Pelaksana Tugas (Plt.) Kepala Dinas Koperasi, UKM, dan Perdagangan (Diskop UKMP) Badung, I Made Wirya Santosa mengatakan, selain melakukan pengawasan pasar secara intensif, pemerintah juga melakukan intervensi melalui pasar murah di sejumlah wilayah. Program tersebut diharapkan membantu masyarakat memperoleh bahan kebutuhan pokok dengan harga yang lebih terjangkau.

Baca juga:  Perlengkapan Penjor Diserbu Pembeli, Pemkab Badung Terus Tekan Inflasi Jelang Galungan

“Untuk mengantisipasi kenaikan harga dan mengusahakan kelancaran distribusi, dalam waktu dekat kami akan adakan pasar murah pada tanggal 10 dan 12 maret, yakni pada 10 Maret di Desa Sading dan 12 Maret di Desa Dalung,” jelasnya.

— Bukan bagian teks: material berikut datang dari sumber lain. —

(* Let $s$ be a positive integer. Put $d_s(0)=1$ and $d_s(k)=0$ for all integers $k<0$, and for $k\geq 1$ define $d_s(k)=\sum_{j=1}^sd_s(j-1)\,d_s(k-j)$. Then for every $n\geq s$, \[A_{312}(U_{\mathrm{spine}=s,n}^\alpha)=d_s(n-s+1).\]
   Context: For integers $s\ge1$ and $n\ge 0$, the labeled uneven comb $U^\alpha_{\mathrm{spine}=s,n}$ is the poset on $\{1,\dots,n\}$ whose order is generated by the covering relations $i\lessdot i+1$ for $1\le i\le s-1$ with $i+1\le n$, and $i\lessdot i+s$ whenever $i+s\le n$. A linear extension is viewed as a permutation of $[n]$ in which $x$ precedes $y$ whenever $x<y$ in the poset. $A_\tau(P)$ denotes the number of linear extensions of $P$ that avoid the permutation pattern $\tau$. *)

theory Defs
  imports Main
begin

text \<open>The sequence d_s(k), for k a natural number; the convention d_s(k) = 0 for k < 0
  is built in through the guard j \<le> k (for j > k the term d_s(k-j) has negative index).\<close>
function dseq :: "nat \<Rightarrow> nat \<Rightarrow> nat" where
  "dseq s k = (if k = 0 then 1
     else (\<Sum>j\<in>{1..s}. if j \<le> k then dseq s (j - 1) * dseq s (k - j) else 0))"
  by pat_completeness auto
termination
  by (relation "measure snd") auto

definition comb_cover :: "nat \<Rightarrow> nat \<Rightarrow> nat \<Rightarrow> nat \<Rightarrow> bool" where
  "comb_cover s n x y \<longleftrightarrow>
     (1 \<le> x \<and> x \<le> s - 1 \<and> y = x + 1 \<and> y \<le> n) \<or> (1 \<le> x \<and> y = x + s \<and> y \<le> n)"

definition comb_le :: "nat \<Rightarrow> nat \<Rightarrow> nat \<Rightarrow> nat \<Rightarrow> bool" where
  "comb_le s n = (comb_cover s n)\<^sup>*\<^sup>*"

definition comb_linext :: "nat \<Rightarrow> nat \<Rightarrow> nat list set" where
  "comb_linext s n = {w. distinct w \<and> set w = {1..n} \<and>
     (\<forall>x y. comb_le s n x y \<and> x \<noteq> y \<longrightarrow>
        (\<exists>i j. i < j \<and> j < length w \<and> w ! i = x \<and> w ! j = y))}"

definition avoids312 :: "nat list \<Rightarrow> bool" where
  "avoids312 w \<longleftrightarrow> \<not> (\<exists>i j k. i < j \<and> j < k \<and> k < length w \<and>
      w ! j < w ! k \<and> w ! k < w ! i)"

definition A312_comb :: "nat \<Rightarrow> nat \<Rightarrow> nat" where
  "A312_comb s n = card {w \<in> comb_linext s n. avoids312 w}"

end

theory Submission
  imports Defs "HOL-Library.Sublist"
begin

text \<open>In a 312-avoiding permutation ending with m, every letter smaller than m comes before
  every letter larger than m, since a larger letter followed by a smaller one would form a 312
  together with m. For a linear extension of the comb the last letter m must be a maximal element,
  the small letters form a 312-avoiding linear extension of the comb on {1..m-1}, and the large
  letters {m+1..n} are fewer than s and pairwise incomparable, so their 312-avoiding arrangements
  are counted by the untruncated Catalan recursion, which d_s agrees with below s. Summing over the
  maximal elements reproduces the recursion of d_s at n - s + 1.\<close>

lemma subseq_Cons_iff_nth:
  "subseq (x # xs) ys \<longleftrightarrow> (\<exists>i < length ys. ys ! i = x \<and> subseq xs (drop (Suc i) ys))"
proof (induction ys)
  case Nil
  then show ?case by simp
next
  case (Cons a ys)
  then show ?case
    by (auto simp: less_Suc_eq_0_disj dest: subseq_Cons')
qed

lemma in_set_drop_conv_nth:
  "y \<in> set (drop (Suc i) w) \<longleftrightarrow> (\<exists>j. i < j \<and> j < length w \<and> w ! j = y)"
proof
  assume "y \<in> set (drop (Suc i) w)"
  then obtain j where "j < length w - Suc i" "w ! (Suc i + j) = y"
    by (auto simp: in_set_conv_nth)
  then show "\<exists>j. i < j \<and> j < length w \<and> w ! j = y"
    by (intro exI[of _ "Suc i + j"]) auto
next
  assume "\<exists>j. i < j \<and> j < length w \<and> w ! j = y"
  then obtain j where "i < j" "j < length w" "w ! j = y" by blast
  then show "y \<in> set (drop (Suc i) w)"
    unfolding in_set_conv_nth by (intro exI[of _ "j - Suc i"]) auto
qed

lemma subseq_pair_iff_nth:
  "subseq [x, y] w \<longleftrightarrow> (\<exists>i j. i < j \<and> j < length w \<and> w ! i = x \<and> w ! j = y)"
  unfolding subseq_Cons_iff_nth[of x] subseq_singleton_left in_set_drop_conv_nth
  by (auto intro: less_trans)

lemma subseq_triple_iff_nth:
  "subseq [x, y, z] w \<longleftrightarrow>
     (\<exists>i j k. i < j \<and> j < k \<and> k < length w \<and> w ! i = x \<and> w ! j = y \<and> w ! k = z)"
proof -
  have shift: "subseq [y, z] (drop (Suc i) w) \<longleftrightarrow>
      (\<exists>j k. i < j \<and> j < k \<and> k < length w \<and> w ! j = y \<and> w ! k = z)" for i
  proof
    assume "subseq [y, z] (drop (Suc i) w)"
    then obtain j k where "j < k" "k < length w - Suc i"
        "w ! (Suc i + j) = y" "w ! (Suc i + k) = z"
      unfolding subseq_pair_iff_nth by auto
    then show "\<exists>j k. i < j \<and> j < k \<and> k < length w \<and> w ! j = y \<and> w ! k = z"
      by (intro exI[of _ "Suc i + j"] exI[of _ "Suc i + k"]) auto
  next
    assume "\<exists>j k. i < j \<and> j < k \<and> k < length w \<and> w ! j = y \<and> w ! k = z"
    then obtain j k where "i < j" "j < k" "k < length w" "w ! j = y" "w ! k = z"
      by blast
    then show "subseq [y, z] (drop (Suc i) w)"
      unfolding subseq_pair_iff_nth by (intro exI[of _ "j - Suc i"] exI[of _ "k - Suc i"]) auto
  qed
  show ?thesis
    unfolding subseq_Cons_iff_nth[of x] shift
    by (auto 0 3 dest: order.strict_trans order.strict_trans[of _ _ "length w"])
qed

lemma subseq_pair_set: "subseq [x, y] w \<Longrightarrow> x \<in> set w \<and> y \<in> set w"
  unfolding subseq_pair_iff_nth by (auto intro: nth_mem)

lemma subseq_pair_append_iff:
  "subseq [x, y] (xs @ ys) \<longleftrightarrow>
     subseq [x, y] xs \<or> subseq [x, y] ys \<or> (x \<in> set xs \<and> y \<in> set ys)" (is "?l \<longleftrightarrow> ?r")
proof
  show "?l \<Longrightarrow> ?r"
    unfolding subseq_append_iff by (auto simp: Cons_eq_append_conv subseq_singleton_left)
  show "?r \<Longrightarrow> ?l"
    using list_emb_append_mono[of "(=)" "[x]" xs "[y]" ys]
    by (auto simp: subseq_singleton_left intro: subseq_drop_many subseq_rev_drop_many)
qed

lemma subseq_triple_append_iff:
  "subseq [x, y, z] (xs @ ys) \<longleftrightarrow> subseq [x, y, z] xs \<or> subseq [x, y, z] ys \<or>
     (x \<in> set xs \<and> subseq [y, z] ys) \<or> (subseq [x, y] xs \<and> z \<in> set ys)" (is "?l \<longleftrightarrow> ?r")
proof
  show "?l \<Longrightarrow> ?r"
    unfolding subseq_append_iff by (auto simp: Cons_eq_append_conv subseq_singleton_left)
  show "?r \<Longrightarrow> ?l"
    using list_emb_append_mono[of "(=)" "[x]" xs "[y, z]" ys]
      list_emb_append_mono[of "(=)" "[x, y]" xs "[z]" ys]
    by (auto simp: subseq_singleton_left intro: subseq_drop_many subseq_rev_drop_many)
qed

lemma subseq_pair_snocD: "subseq [x, y] (xs @ [x]) \<Longrightarrow> x \<in> set xs"
  unfolding subseq_pair_append_iff by (auto dest: subseq_pair_set)

lemma subseq_pair_trans:
  assumes "distinct w" "subseq [x, y] w" "subseq [y, z] w"
  shows "subseq [x, z] w"
proof -
  obtain i j where ij: "i < j" "j < length w" "w ! i = x" "w ! j = y"
    using assms(2) unfolding subseq_pair_iff_nth by blast
  obtain j' k where jk: "j' < k" "k < length w" "w ! j' = y" "w ! k = z"
    using assms(3) unfolding subseq_pair_iff_nth by blast
  have "j = j'" using ij jk assms(1) nth_eq_iff_index_eq by fastforce
  then show ?thesis
    unfolding subseq_pair_iff_nth using ij jk by (intro exI[of _ i] exI[of _ k]) auto
qed

lemma avoids312_iff_subseq:
  "avoids312 w \<longleftrightarrow> (\<forall>a b c. subseq [a, b, c] w \<longrightarrow> \<not> (b < c \<and> c < a))"
  unfolding avoids312_def subseq_triple_iff_nth by blast

lemma avoids312_appendD:
  assumes "avoids312 (xs @ ys)"
  shows "avoids312 xs" "avoids312 ys"
  using assms unfolding avoids312_iff_subseq subseq_triple_append_iff by blast+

Menurutnya, momentum Nyepi dan Idul Fitri yang berdekatan tahun ini berpotensi meningkatkan permintaan barang kebutuhan pokok dan barang penting (bapokting). “Pasar murah ini adalah bagian dari rangkaian pengendalian inflasi di Kabupaten Badung. Kami berharap langkah ini efektif mengantisipasi lonjakan harga yang biasanya terjadi menjelang hari raya,” jelasnya.

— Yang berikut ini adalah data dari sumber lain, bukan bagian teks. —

lemma sigma_map_tau_map:
  assumes "is_adjoint A B"
  shows "sigma_map (tau_map symm A) = tau_map symm (sigma_map A)"
proof -
  have adj_sigma: "is_adjoint (sigma_map A) (- A)"
    by (rule is_adjoint_sigma_map[OF assms])
  have "sigma_map (tau_map symm A) = Cinv symm \<circ> sigma_map (sigma_map A) \<circ> Cmap symm"
    unfolding tau_map_eq[OF assms]
    by (rule sigma_map_conj[OF adj_sigma winner_Cinv]) (simp_all add: fun_eq_iff Cinv_uminus)
  then show ?thesis
    by (simp add: tau_map_eq[OF adj_sigma])
qed

lemma tau_map_theta_map:
  assumes T: "antiunitary_W T" and TC: "T \<circ> Cmap symm = Cmap symm \<circ> T"
    and adj: "is_adjoint A B"
  shows "tau_map symm (theta_map T A) = theta_map T (tau_map symm A)"
proof -
  have "T \<circ> Cinv symm = Cinv symm \<circ> T"
    by (rule comp_commute_inverse[OF TC]) (simp_all add: fun_eq_iff)
  then have T_Cinv: "T (Cinv symm z) = Cinv symm (T z)" for z
    by (rule comp_eq_dest)
  have "Cmap symm \<circ> inv T = inv T \<circ> Cmap symm"
    using antiunitary_W_comp_inv[OF T] antiunitary_W_inv_comp[OF T]
    by (rule comp_commute_inverse[OF TC[symmetric]])
  then have Cmap_inv_T: "Cmap symm (inv T z) = inv T (Cmap symm z)" for z
    by (rule comp_eq_dest)
  have "tau_map symm (theta_map T A) = Cinv symm \<circ> sigma_map (theta_map T A) \<circ> Cmap symm"
    by (rule tau_map_eq[OF is_adjoint_theta_map[OF T adj]])
  also have "\<dots> = Cinv symm \<circ> (T \<circ> sigma_map A \<circ> inv T) \<circ> Cmap symm"
    using sigma_map_theta_map[OF T adj] by (simp add: theta_map_def)
  also have "\<dots> = T \<circ> (Cinv symm \<circ> sigma_map A \<circ> Cmap symm) \<circ> inv T"
    by (simp add: fun_eq_iff T_Cinv Cmap_inv_T)
  also have "\<dots> = theta_map T (tau_map symm A)"
    by (simp add: tau_map_eq[OF adj] theta_map_def)
  finally show ?thesis .
qed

Dalam kegiatan ini, masyarakat dapat membeli berbagai kebutuhan pokok dengan harga di bawah pasar. Tidak hanya bahan pangan, Diskop UKMP Badung juga menyediakan LPG 3 kilogram serta sarana upakara yang banyak dibutuhkan masyarakat Bali menjelang Nyepi.

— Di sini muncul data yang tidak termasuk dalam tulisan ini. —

definition avm :: "'a set set \<Rightarrow> real" where
  "avm E = (\<Sum>M\<in>{M. maximal_matching E M}. real (card M)) / real (card {M. maximal_matching E M})"

text \<open>R_n(3,3): vertices u=0, v1=1, v2=2, w1=3, w2=4, leaves 5,...,n-1 attached to v1.\<close>

definition R33 :: "nat \<Rightarrow> nat set set" where
  "R33 n = {{0,1},{0,2},{1,2},{0,3},{0,4},{3,4}} \<union> {{1,k} | k. 5 \<le> k \<and> k < n}"

end

theory Submission
  imports Defs
begin

text \<open>
  A matching is maximal iff every edge outside it meets a matched vertex. With
  \<open>u = 0, v\<^sub>1 = 1, v\<^sub>2 = 2, w\<^sub>1 = 3, w\<^sub>2 = 4\<close>, this pins down the maximal matchings of
  \<open>R\<^sub>n(3,3)\<close>: they are \<open>{uv\<^sub>1, w\<^sub>1w\<^sub>2}\<close>, \<open>{v\<^sub>1v\<^sub>2, w\<^sub>1w\<^sub>2}\<close>, \<open>{uv\<^sub>2, v\<^sub>1x, w\<^sub>1w\<^sub>2}\<close> for a leaf
  \<open>x\<close>, and \<open>{uw, v\<^sub>1y}\<close> for \<open>w \<in> {w\<^sub>1, w\<^sub>2}\<close> and \<open>y\<close> equal to \<open>v\<^sub>2\<close> or a leaf. That is
  \<open>2 + (n - 5) + 2(n - 4) = 3n - 11\<close> matchings with \<open>4 + 3(n - 5) + 4(n - 4) = 7n - 27\<close> edges
  in total. Each listed matching is maximal because its vertex set is a vertex cover; conversely,
  following how \<open>w\<^sub>1w\<^sub>2\<close> and \<open>v\<^sub>1\<close> are dominated, every maximal matching contains a listed one,
  and then equals it because the listed one is itself maximal.
\<close>

lemma matching_empty [simp]: "matching E {}"
  by (simp add: matching_def)

lemma matching_insert [simp]:
  "matching E (insert e M) \<longleftrightarrow> e \<in> E \<and> matching E M \<and> (\<forall>f\<in>M. f \<noteq> e \<longrightarrow> e \<inter> f = {})"
  unfolding matching_def by blast

lemma matching_disjoint:
  "matching E M \<Longrightarrow> e \<in> M \<Longrightarrow> f \<in> M \<Longrightarrow> e \<noteq> f \<Longrightarrow> e \<inter> f = {}"
  unfolding matching_def by blast

lemma maximal_matching_iff:
  "maximal_matching E M \<longleftrightarrow> matching E M \<and> (\<forall>e\<in>E - M. e \<inter> \<Union>M \<noteq> {})"
proof
  assume max: "maximal_matching E M"
  then have M: "matching E M" by (simp add: maximal_matching_def)
  have "e \<inter> \<Union>M \<noteq> {}" if e: "e \<in> E - M" for e
  proof
    assume "e \<inter> \<Union>M = {}"
    then have "matching E (insert e M)"
      using M e unfolding matching_def by blast
    then show False
      using max e unfolding maximal_matching_def by blast
  qed
  with M show "matching E M \<and> (\<forall>e\<in>E - M. e \<inter> \<Union>M \<noteq> {})" by blast
next
  assume M: "matching E M \<and> (\<forall>e\<in>E - M. e \<inter> \<Union>M \<noteq> {})"
  have "M' = M" if M': "matching E M'" "M \<subseteq> M'" for M'
  proof (rule ccontr)
    assume "M' \<noteq> M"
    with M' obtain e where e: "e \<in> M'" "e \<notin> M" by blast
    moreover from e M' have "e \<in> E"
      unfolding matching_def by blast
    ultimately have "e \<inter> \<Union>M \<noteq> {}"
      using M by blast
    then obtain f where f: "f \<in> M" "e \<inter> f \<noteq> {}"
      by auto
    moreover have "f \<in> M'" "e \<noteq> f"
      using f e M'(2) by auto
    ultimately show False
      using matching_disjoint[OF M'(1) e(1)] by blast
  qed
  with M show "maximal_matching E M"
    unfolding maximal_matching_def by blast
qed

Baca juga:  DPRD Bali Umumkan Hasil Penetapan Gubernur dan Wagub Bali Terpilih

Wirya Santosa menambahkan, pemerintah daerah juga bekerja sama dengan sejumlah pihak untuk memberikan subsidi kepada pedagang atau penyedia produk sehingga harga yang dijual kepada masyarakat dapat lebih murah. Melalui langkah pengawasan pasar yang lebih intensif serta intervensi melalui pasar murah, Pemkab Badung berharap pasokan bahan pokok tetap terjaga dan harga tetap stabil menjelang perayaan Nyepi dan Idul Fitri.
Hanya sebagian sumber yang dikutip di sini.